Hans E. Meier jedenfalls ist von seiner Schrift überzeugt. In seinem Haus in Obstalden GL startet der Schrifterfinder (bekannte Werke von ihm sind etwa die Syntax oder die Barbedor) den Computer und erläutert die Vorzüge seiner neuen Kreation. Bei der Basisschrift haben die Buchstaben keine Schnörkel, zudem sind sie leichter miteinander zu verbinden. So wird der Schritt von den Einzelbuchstaben hin zur Handschrift kleiner. Heute pauken Schüler erst die Steinschrift (Druckbuchstaben) und müssen ab der dritten Klasse nochmals eine (fast) neue Schrift erlernen, die Schnürlischrift. Bei der Meier-Schrift entfällt dieser Aufwand: Die Buchstaben sind so gestaltet, dass man sie leicht zu einer flüssigen Schrift zusammenfügen kann. «Dagegen ist die heutige Steinschrift formal wirklich miserabel», ärgert sich Meier, «und die schnörklige Schnürlischrift ist nicht kindgerecht.»
Kunststück, meint Meier, denn die Schnürlischrift habe ihre Ursprünge im 15. Jahrhundert.
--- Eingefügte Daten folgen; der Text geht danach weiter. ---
(* Let $R$ be a commutative ring with $\mathbb{Q}\subseteq R$. Let $\mathcal{E}$ (resp. $\mathcal{F}$) be a finitely generated projective module over a commutative unital $R$-algebra $\mathcal{A}$ (resp. $\mathcal{B}$), with a symmetric, strongly nondegenerate, full inner product $\langle\cdot,\cdot\rangle_{\mathcal{E}}$ (resp. $\langle\cdot,\cdot\rangle_{\mathcal{F}}$). Let $\phi:\mathcal{A}\to\mathcal{B}$ be an algebra isomorphism. Let $\Phi:\mathcal{E}\to\mathcal{F}$ be an $R$-linear bijection along $\phi$, i.e. $\Phi(ax)=\phi(a)\Phi(x)$, which is isometric: $\phi(\langle x,y\rangle_{\mathcal{E}})=\langle\Phi(x),\Phi(y)\rangle_{\mathcal{F}}$ for all $x,y\in\mathcal{E}$. Let $\Psi=\Phi^{-1}$. Define $\Phi_*:\mathcal{C}^\bullet(\mathcal{E})\to\mathcal{C}^\bullet(\mathcal{F})$ as follows: - $\Phi_*(a)=\phi(a)$ for $a\in\mathcal{A}$; - $\Phi_*(x)=\Phi(x)$ for $x\in\mathcal{E}$; - $(\Phi_*\mathsf{C})(y_1,\dots,y_{r-1})=\Phi\big(\mathsf{C}(\Psi(y_1),\dots,\Psi(y_{r-1}))\big)$ for $\mathsf{C}\in\mathcal{C}^r(\mathcal{E})$ with $r\ge2$. Then $\Phi_*$ is an isomorphism of graded Poisson algebras $(\mathcal{C}^\bullet(\mathcal{E}),[\cdot,\cdot],\wedge)\to(\mathcal{C}^\bullet(\mathcal{F}),[\cdot,\cdot],\wedge)$.
   Context: Strongly nondegenerate: the induced map from the module to its $\operatorname{Hom}$-dual is an isomorphism. Full: every algebra element is a finite sum $\sum_i\langle x_i,y_i\rangle$. $\operatorname{Der}(\mathcal{A})$: $R$-linear derivations. $\mathcal{C}^0(\mathcal{E})=\mathcal{A}$ and $\mathcal{C}^1(\mathcal{E})=\mathcal{E}$. For $r\ge2$, $\mathcal{C}^r(\mathcal{E})$ is the set of $\mathsf{C}\in\operatorname{Hom}_R(\mathcal{E}^{\otimes_R(r-1)},\mathcal{E})$ admitting an $R$-multilinear symbol $\sigma_{\mathsf{C}}:\mathcal{E}^{\otimes(r-2)}\to\operatorname{Der}(\mathcal{A})$ with two properties: (1) $\sigma_{\mathsf{C}}(x_1,\dots,x_{r-2})\langle u,w\rangle=\langle\mathsf{C}(x_1,\dots,x_{r-2},u),w\rangle+\langle u,\mathsf{C}(x_1,\dots,x_{r-2},w)\rangle$; (2) for $r\ge3$ and $1\le i\le r-2$, $\langle\mathsf{C}(\dots,x_i,x_{i+1},\dots)+\mathsf{C}(\dots,x_{i+1},x_i,\dots),u\rangle=\sigma_{\mathsf{C}}(x_1,\dots,\widehat{x_i},\widehat{x_{i+1}},\dots,x_{r-1},u)\langle x_i,x_{i+1}\rangle$. The same definitions apply to $\mathcal{F}$ over $\mathcal{B}$. $i_x\mathsf{C}$ inserts $x$ in the first argument. $[\cdot,\cdot]$ is the unique $R$-bilinear graded skew-symmetric map $\mathcal{C}^r\times\mathcal{C}^s\to\mathcal{C}^{r+s-2}$ with: - $[a,b]=0$ and $[a,x]=0=[x,a]$; - $[x,y]=\langle x,y\rangle$; - $[\mathsf{D},a]=\sigma_{\mathsf{D}}(a)=-[a,\mathsf{D}]$ for $\mathsf{D}\in\mathcal{C}^2$; - $[\mathsf{C},x]=i_x\mathsf{C}=(-1)^{r+1}[x,\mathsf{C}]$ for $r\ge2$; - $[[\mathsf{C}_1,\mathsf{C}_2],x]=(-1)^s[[\mathsf{C}_1,x],\mathsf{C}_2]+[\mathsf{C}_1,[\mathsf{C}_2,x]]$. $\wedge$ is the unique degree-$0$ $R$-bilinear product with $a\wedge b=ab$, $a\wedge x=ax=x\wedge a$, and $[\mathsf{C}_1\wedge\mathsf{C}_2,x]=(-1)^s[\mathsf{C}_1,x]\wedge\mathsf{C}_2+\mathsf{C}_1\wedge[\mathsf{C}_2,x]$. An isomorphism of graded Poisson algebras is a bijective homogeneous degree-$0$ map compatible with $\wedge$ and $[\cdot,\cdot]$. *)

theory Defs
  imports Main
begin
Sie gründe auf der Cancellaresca, einer in Amtsstuben und unter Gelehrten verbreiteten Renaissance-Schrift. Seither habe sich so vieles verändert, dass eine grundlegend neue Schulschrift nötig sei. «Wir schreiben ja kaum noch mit Feder und Tinte», insistiert Meier, «früher war eine lückenlose Handschrift wegen des besseren Tintenflusses wichtig, heute braucht es einfach eine möglichst klare, gut lesbare Schrift.»

Die Schnürlischrift hat selbst auch bereits 60 Jahre auf dem Buckel: 1947 wurde sie eingeführt und ist seither in allen Schulen Standard. Landesweit vorgeschrieben ist sie jedoch nicht: Die Bildungshoheit liegt bei den Kantonen, diese können autonom bestimmen, wie ihre Schüler ins Reinheft schreiben. «Die Schulschrift ist kein Thema der Erziehungsdirektorenkonferenz, sondern wird einzig über die Lehrpläne der Kantone geregelt», bestätigt die EDK-Sprecherin Rahel Frey.
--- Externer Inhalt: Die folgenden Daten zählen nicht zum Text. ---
section \<open>Reflections modulo 2\<close>

lemma zcong2_reflection:
  fixes Y A :: "4 \<Rightarrow> int \<times> int"
  assumes p: "p permutes UNIV" and w: "w permutes UNIV" and parity: "evenperm w \<noteq> evenperm p"
    and Y: "\<And>i. zcong2 (Y i) (baseZ (p i))" and A: "\<And>i. zcong2 (A i) (baseZ (w i))"
  obtains p' where "p' permutes UNIV" "evenperm p' = evenperm w"
    "\<And>i. zcong2 (Y i + Y i - zmult (\<Sum>j\<in>UNIV. zmult (Y j) (A j)) (A i)) (baseZ (p' i))"
proof -
  let ?T = "\<Sum>j\<in>UNIV. zmult (Y j) (A j)"
  define r where "r = w \<circ> inv p"
  have inv_p: "inv p permutes UNIV" using p by (rule permutes_inv)
  have r: "r permutes UNIV" unfolding r_def using inv_p w by (rule permutes_compose)
  have "\<not> evenperm r" unfolding r_def using parity p w inv_p
    by (simp add: evenperm_comp evenperm_inv permutes_imp_permutation)
  have "base_pairing r = (\<Sum>j\<in>UNIV. zmult (baseZ (p j)) (baseZ (r (p j))))"
    unfolding base_pairing_def using sum.permute[OF p] by (simp add: comp_def)
  also have "\<dots> = (\<Sum>j\<in>UNIV. zmult (baseZ (p j)) (baseZ (w j)))"
    unfolding r_def by (simp add: permutes_inverses(2)[OF p])
  finally have T: "zcong2 ?T (base_pairing r)"
    by (simp only:) (intro zcong2_sum zcong2_zmult Y A)
  obtain s where s: "s permutes UNIV" "evenperm s"
    and mult_s: "\<And>k. zcong2 (zmult (base_pairing r) (baseZ k)) (baseZ (s k))"
    using zmult_baseZ_even_perm[OF base_pairing_odd_perm[OF r \<open>\<not> evenperm r\<close>]] by blast
  show thesis
  proof (rule that[of "s \<circ> w"])
    show "s \<circ> w permutes UNIV" using w s(1) by (rule permutes_compose)
    show "evenperm (s \<circ> w) = evenperm w"
      using s w by (simp add: evenperm_comp permutes_imp_permutation)
    fix i
    have "zcong2 (Y i + Y i - zmult ?T (A i)) (zmult ?T (A i))"
      by (rule zcong2_double_diff)
    also have "zcong2 \<dots> (zmult (base_pairing r) (baseZ (w i)))"
      using T A by (rule zcong2_zmult)
    also have "zcong2 \<dots> (baseZ ((s \<circ> w) i))"
      using mult_s by simp
    finally show "zcong2 (Y i + Y i - zmult ?T (A i)) (baseZ ((s \<circ> w) i))" .
  qed
qed

lemma cong2_reflection:
  fixes y a :: "real^4"
  assumes w: "w permutes UNIV" and \<sigma>: "\<And>i. \<sigma> i \<in> {1, -1}" and a: "\<And>i. a $ i = \<sigma> i * (baseA $ w i / 2)"
    and p: "p permutes UNIV" and parity: "evenperm w \<noteq> evenperm p"
    and y: "\<And>i. cong2 (y $ i) (baseA $ p i)"
  obtains p' where "p' permutes UNIV" "evenperm p' = evenperm w"
    "\<And>i. cong2 (2 * y $ i - 2 * (y \<bullet> a) * (2 * a $ i)) (baseA $ p' i)"
proof -
  have "\<forall>i. \<exists>c. y $ i = ztau c \<and> zcong2 c (baseZ (p i))"
    using y unfolding baseA_eq_ztau_baseZ by (metis cong2_ztauE)
  then obtain Y where y_Y: "\<And>i. y $ i = ztau (Y i)" and Y: "\<And>i. zcong2 (Y i) (baseZ (p i))"
    by metis
  define A where "A i = (if \<sigma> i = 1 then baseZ (w i) else - baseZ (w i))" for i
  have a_A: "2 * a $ i = ztau (A i)" for i
    using \<sigma>[of i] by (auto simp: a A_def baseA_eq_ztau_baseZ ztau_uminus)
  have A: "zcong2 (A i) (baseZ (w i))" for i
    by (simp add: A_def zcong2_refl zcong2_uminus)
  let ?T = "\<Sum>j\<in>UNIV. zmult (Y j) (A j)"
  have "2 * (y \<bullet> a) = (\<Sum>j\<in>UNIV. y $ j * (2 * a $ j))"
    unfolding inner_vec_def inner_real_def by (simp add: sum_distrib_left algebra_simps)
  also have "\<dots> = ztau ?T"
    unfolding y_Y a_A ztau_zmult ztau_sum ..
  finally have y_a: "2 * (y \<bullet> a) = ztau ?T" .
  obtain p' where p': "p' permutes UNIV" "evenperm p' = evenperm w"
    and cong: "\<And>i. zcong2 (Y i + Y i - zmult ?T (A i)) (baseZ (p' i))"
    using zcong2_reflection[OF p w parity Y A] by blast
  show thesis
  proof (rule that[OF p'])
    fix i
    have "2 * y $ i - 2 * (y \<bullet> a) * (2 * a $ i) = ztau (Y i + Y i - zmult ?T (A i))"
      unfolding y_a a_A y_Y ztau_zmult ztau_diff ztau_add by simp
    then show "cong2 (2 * y $ i - 2 * (y \<bullet> a) * (2 * a $ i)) (baseA $ p' i)"
      unfolding baseA_eq_ztau_baseZ using cong by (simp add: cong2_ztau)
  qed
qed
Der Kantönligeist führt dazu, dass sich die Schweiz in Anhänger und Gegner der Schnürlischrift spaltet. So setzt der Kanton Luzern auf die neue Schrift. «Die Basisschrift ist eine einfache, klare Schrift, die alternativ zu den bisherigen Schriften verwendet werden kann», heisst es im revidierten Luzerner Lehrplan. Die Stadt Luzern, Sursee, Sempach und weitere Gemeinden unterrichten nun die Meier-Schrift, weil sie «mit ihren schlanken, gerundeten Formen ein gutes Richtalphabet zum Einstieg» biete, wie Josy Jurt Betschart vom Amt für Volksschulbildung sagt.
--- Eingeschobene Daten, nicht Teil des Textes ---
lemma section_form_in_span: "section_form a b \<in> real_fun.span quadratic_features"
proof -
  let ?Q = "\<lambda>i j. \<lambda>(x, t, s). (x \<bullet> i) * (x \<bullet> j)"
  let ?L = "\<lambda>i. \<lambda>(x, t, s). t * (x \<bullet> i)"
  have square: "(a \<bullet> x)\<^sup>2 = (\<Sum>i\<in>Basis. \<Sum>j\<in>Basis. (a \<bullet> i) * (a \<bullet> j) * ((x \<bullet> i) * (x \<bullet> j)))"
    for x :: 'a
    unfolding power2_eq_square euclidean_inner[of a x] sum_product by (simp add: mult_ac)
  have linear: "2 * t * b * (a \<bullet> x) = (\<Sum>i\<in>Basis. 2 * b * (a \<bullet> i) * (t * (x \<bullet> i)))"
    for x :: 'a and t
    unfolding euclidean_inner[of a x] sum_distrib_left by (simp add: mult_ac)
  have "section_form a b =
      (\<Sum>i\<in>Basis. \<Sum>j\<in>Basis. fun_scale ((a \<bullet> i) * (a \<bullet> j)) (?Q i j))
      + (\<Sum>i\<in>Basis. fun_scale (- 2 * b * (a \<bullet> i)) (?L i))
      + fun_scale (b\<^sup>2) (\<lambda>_. 1) + (\<lambda>(x, t, s). s)"
    by (auto simp: fun_eq_iff section_form_def sum_fun_apply fun_scale_def square linear
        sum_negf[symmetric])
  also have "\<dots> \<in> real_fun.span quadratic_features"
    unfolding quadratic_features_def
    by (intro real_fun.span_add real_fun.span_sum real_fun.span_scale real_fun.span_base)
      (auto simp: fun_scale_def)
  finally show ?thesis .
qed

lemma sphere_graph_adjacency_by_section_form:
  fixes V :: "'v set"
  assumes "is_sphere_graph TYPE('a) V E"
  obtains a :: "'v \<Rightarrow> 'a::euclidean_space" and b where
    "\<And>u v. u \<in> V \<Longrightarrow> v \<in> V \<Longrightarrow> u \<noteq> v \<Longrightarrow>
       E u v \<longleftrightarrow> section_form (a v) (b v) (a u, b u, (b u)\<^sup>2 - 1) \<le> 0"
proof -
  obtain f :: "'v \<Rightarrow> 'a set" where f: "f ` V \<subseteq> hyperplane_sections"
      "\<forall>u\<in>V. \<forall>v\<in>V. u \<noteq> v \<longrightarrow> (E u v \<longleftrightarrow> f u \<inter> f v \<noteq> {})"
    using assms unfolding is_sphere_graph_def by auto
  have "\<exists>a b. norm a = 1 \<and> \<bar>b\<bar> < 1 \<and> f v = cball 0 1 \<inter> {x. a \<bullet> x = b}"
    if "v \<in> V" for v
  proof -
    have "f v \<in> hyperplane_sections" using f(1) that by blast
    then obtain a b where "norm a = 1" "\<bar>b\<bar> < 1" "f v = cball 0 1 \<inter> {x. a \<bullet> x = b}"
      by (rule hyperplane_section_normalized)
    then show ?thesis by blast
  qed
  then obtain a b where ab: "\<And>v. v \<in> V \<Longrightarrow>
      norm (a v :: 'a) = 1 \<and> \<bar>b v\<bar> < 1 \<and> f v = cball 0 1 \<inter> {x. a v \<bullet> x = b v}"
    by metis
  have "E u v \<longleftrightarrow> section_form (a v) (b v) (a u, b u, (b u)\<^sup>2 - 1) \<le> 0"
    if "u \<in> V" "v \<in> V" "u \<noteq> v" for u v
  proof -
    have "E u v \<longleftrightarrow> (\<exists>x. norm x \<le> 1 \<and> a u \<bullet> x = b u \<and> a v \<bullet> x = b v)"
      using f(2) that ab[OF that(1)] ab[OF that(2)] by auto
    also have "\<dots> \<longleftrightarrow> (a u \<bullet> a v)\<^sup>2 - 2 * b u * b v * (a u \<bullet> a v) + (b u)\<^sup>2 + (b v)\<^sup>2 \<le> 1"
      using ab[OF that(1)] ab[OF that(2)] by (intro cball_meets_two_hyperplanes_iff) auto
    also have "\<dots> \<longleftrightarrow> section_form (a v) (b v) (a u, b u, (b u)\<^sup>2 - 1) \<le> 0"
      by (simp add: section_form_def inner_commute algebra_simps)
    finally show ?thesis .
  qed
  then show thesis using that by blast
qed

lemma sphere_graph_misses_neighbourhood:
  fixes V :: "'v set"
  assumes "is_sphere_graph TYPE('a::euclidean_space) V E" "A \<subseteq> V" "finite A"
    and "DIM('a) * DIM('a) + DIM('a) + 2 < card A"
  obtains I where "I \<subseteq> A" "\<And>w. w \<in> V - A \<Longrightarrow> {v\<in>A. E w v} \<noteq> I"
proof -
  obtain a :: "'v \<Rightarrow> 'a" and b where adj: "\<And>u v. u \<in> V \<Longrightarrow> v \<in> V \<Longrightarrow> u \<noteq> v \<Longrightarrow>
       E u v \<longleftrightarrow> section_form (a v) (b v) (a u, b u, (b u)\<^sup>2 - 1) \<le> 0"
    using sphere_graph_adjacency_by_section_form[OF assms(1)] by metis
  let ?\<phi> = "\<lambda>w. section_form (a w) (b w)"
  have card: "card (quadratic_features :: ('a \<times> real \<times> real \<Rightarrow> real) set) < card A"
    using card_quadratic_features[where 'a='a] assms(4) by linarith
  have span: "?\<phi> ` A \<subseteq> real_fun.span quadratic_features"
    using section_form_in_span by blast
  obtain I where I: "I \<subseteq> A" "\<And>p. {v\<in>A. ?\<phi> v p \<le> 0} \<noteq> I"
    using span_misses_sign_pattern[OF assms(3) finite_quadratic_features card span] by blast
  have "{v\<in>A. E w v} \<noteq> I" if "w \<in> V - A" for w
  proof -
    have "E w v \<longleftrightarrow> ?\<phi> v (a w, b w, (b w)\<^sup>2 - 1) \<le> 0" if "v \<in> A" for v
      using assms(2) \<open>w \<in> V - A\<close> that by (intro adj) auto
    then have "{v\<in>A. E w v} = {v\<in>A. ?\<phi> v (a w, b w, (b w)\<^sup>2 - 1) \<le> 0}"
      by blast
    then show ?thesis using I(2) by simp
  qed
  then show thesis using that I(1) by blast
qed

definition subset_vertex :: "nat \<Rightarrow> nat set \<Rightarrow> nat" where
  "subset_vertex m S = m + set_encode S"

definition incidence_vertices :: "nat \<Rightarrow> nat set" where
  "incidence_vertices m = {..<m} \<union> subset_vertex m ` Pow {..<m}"

definition incidence_edge :: "nat \<Rightarrow> nat \<Rightarrow> nat \<Rightarrow> bool" where
  "incidence_edge m u v \<longleftrightarrow>
     (\<exists>S\<subseteq>{..<m}. u \<in> S \<and> v = subset_vertex m S \<or> v \<in> S \<and> u = subset_vertex m S)"

lemma incidence_graph_simple:
  "finite (incidence_vertices m)"
  "incidence_edge m u v \<Longrightarrow> incidence_edge m v u"
  "\<not> incidence_edge m u u"
  "incidence_edge m u v \<Longrightarrow> u \<in> incidence_vertices m \<and> v \<in> incidence_vertices m"
  by (auto simp: incidence_vertices_def incidence_edge_def subset_vertex_def)

lemma incidence_edge_subset_vertex:
  assumes S: "S \<subseteq> {..<m}" and "v < m"
  shows "incidence_edge m (subset_vertex m S) v \<longleftrightarrow> v \<in> S"
proof
  assume "incidence_edge m (subset_vertex m S) v"
  then obtain T where T: "T \<subseteq> {..<m}" "v \<in> T" "set_encode S = set_encode T"
    using \<open>v < m\<close> by (auto simp: incidence_edge_def subset_vertex_def)
  then have "S = T"
    using S by (simp add: set_encode_eq finite_subset)
  then show "v \<in> S" using T(2) by simp
qed (use assms in \<open>auto simp: incidence_edge_def\<close>)

theorem mainTheorem4:
  assumes "DIM('a::euclidean_space) \<ge> 2"
  shows "\<exists>(V :: nat set) (E :: nat \<Rightarrow> nat \<Rightarrow> bool).
           finite V \<and> (\<forall>u v. E u v \<longrightarrow> E v u) \<and> (\<forall>u. \<not> E u u) \<and>
           (\<forall>u v. E u v \<longrightarrow> u \<in> V \<and> v \<in> V) \<and>
           \<not> is_sphere_graph TYPE('a) V E"
proof -
  \<comment> \<open>The construction works in every dimension.\<close>
  define m where "m = DIM('a) * DIM('a) + DIM('a) + 3"
  have "\<not> is_sphere_graph TYPE('a) (incidence_vertices m) (incidence_edge m)"
  proof
    assume sphere: "is_sphere_graph TYPE('a) (incidence_vertices m) (incidence_edge m)"
    have sub: "{..<m} \<subseteq> incidence_vertices m" by (simp add: incidence_vertices_def)
    have card: "DIM('a) * DIM('a) + DIM('a) + 2 < card {..<m}" by (simp add: m_def)
    obtain I where I: "I \<subseteq> {..<m}"
        "\<And>w. w \<in> incidence_vertices m - {..<m} \<Longrightarrow> {v\<in>{..<m}. incidence_edge m w v} \<noteq> I"
      using sphere_graph_misses_neighbourhood[OF sphere sub finite_lessThan card] by blast
    have "subset_vertex m I \<in> incidence_vertices m - {..<m}"
      using I(1) by (auto simp: incidence_vertices_def subset_vertex_def)
    moreover have "{v\<in>{..<m}. incidence_edge m (subset_vertex m I) v} = I"
      using I(1) incidence_edge_subset_vertex by auto
    ultimately show False using I(2) by blast
  qed
  then show ?thesis
    using incidence_graph_simple
    by (intro exI[of _ "incidence_vertices m"] exI[of _ "incidence_edge m"]) simp
qed

end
Ebenfalls auf die Basisschrift setzen Schulen in den Kantonen Aargau, Basel, Bern, Glarus und Solothurn. Andernorts, zum Beispiel in Uri, wartet man ab. Denn: Das Reformprogramm Harmos, das den Schulen ab zirka 2014 einheitliche Ziele und Strukturen bringen wird, sieht vor, pro Sprachregion nur noch einen Lehrplan zu schaffen. Darin wird wohl auch die Schulschrift geregelt. «Eine Übernahme der Basisschrift wird erst mit der Ausarbeitung der Deutschschweizer Lehrpläne geprüft», heisst es beim Erziehungsrat Uri.

«Abwarten und Schnürli schreiben» ist auch die Devise bei den EDK-Regionalkonferenzen. Sie erarbeiten zurzeit die Leitlinien für den Harmos-Lehrplan, doch dies gut Ding will Weile haben. «Es ist noch völlig offen, in welcher Form der Erwerb der Kulturtechnik Schrift im Lehrplan geregelt werden soll», erklärt Regionalsekretär Christoph Mylaeus-Renggli, «daher haben wir die kantonalen Behörden gebeten, ihre Vorgaben in Bezug zur Verbindlichkeit der Schweizer Schulschrift zum jetzigen Zeitpunkt nicht aufzuheben.»

Der Appell hat Erfolg, manche Kantone sprechen sich ausdrücklich gegen die neue Schrift aus. Das Volksschulamt Zürich diktiert der Lehrerschaft in einem Schreiben vom Juli 2007, bis auf weiteres gelte «die Schweizer Schulschrift als die im Unterricht einzusetzende Schrift». Keine Experimente will auch der Kanton St. Gallen, der im Schulblatt verlauten lässt: «Der Erziehungsrat stellt mit Besorgnis fest, dass in einzelnen Schulen auf die Schulung der Schweizer Schulschrift verzichtet wird.» Damit bestehe die Gefahr, dass «Tür und Tor für selbst entwickelte Schriftalphabete» geöffnet würden.

«Rückmeldungen sind positiv»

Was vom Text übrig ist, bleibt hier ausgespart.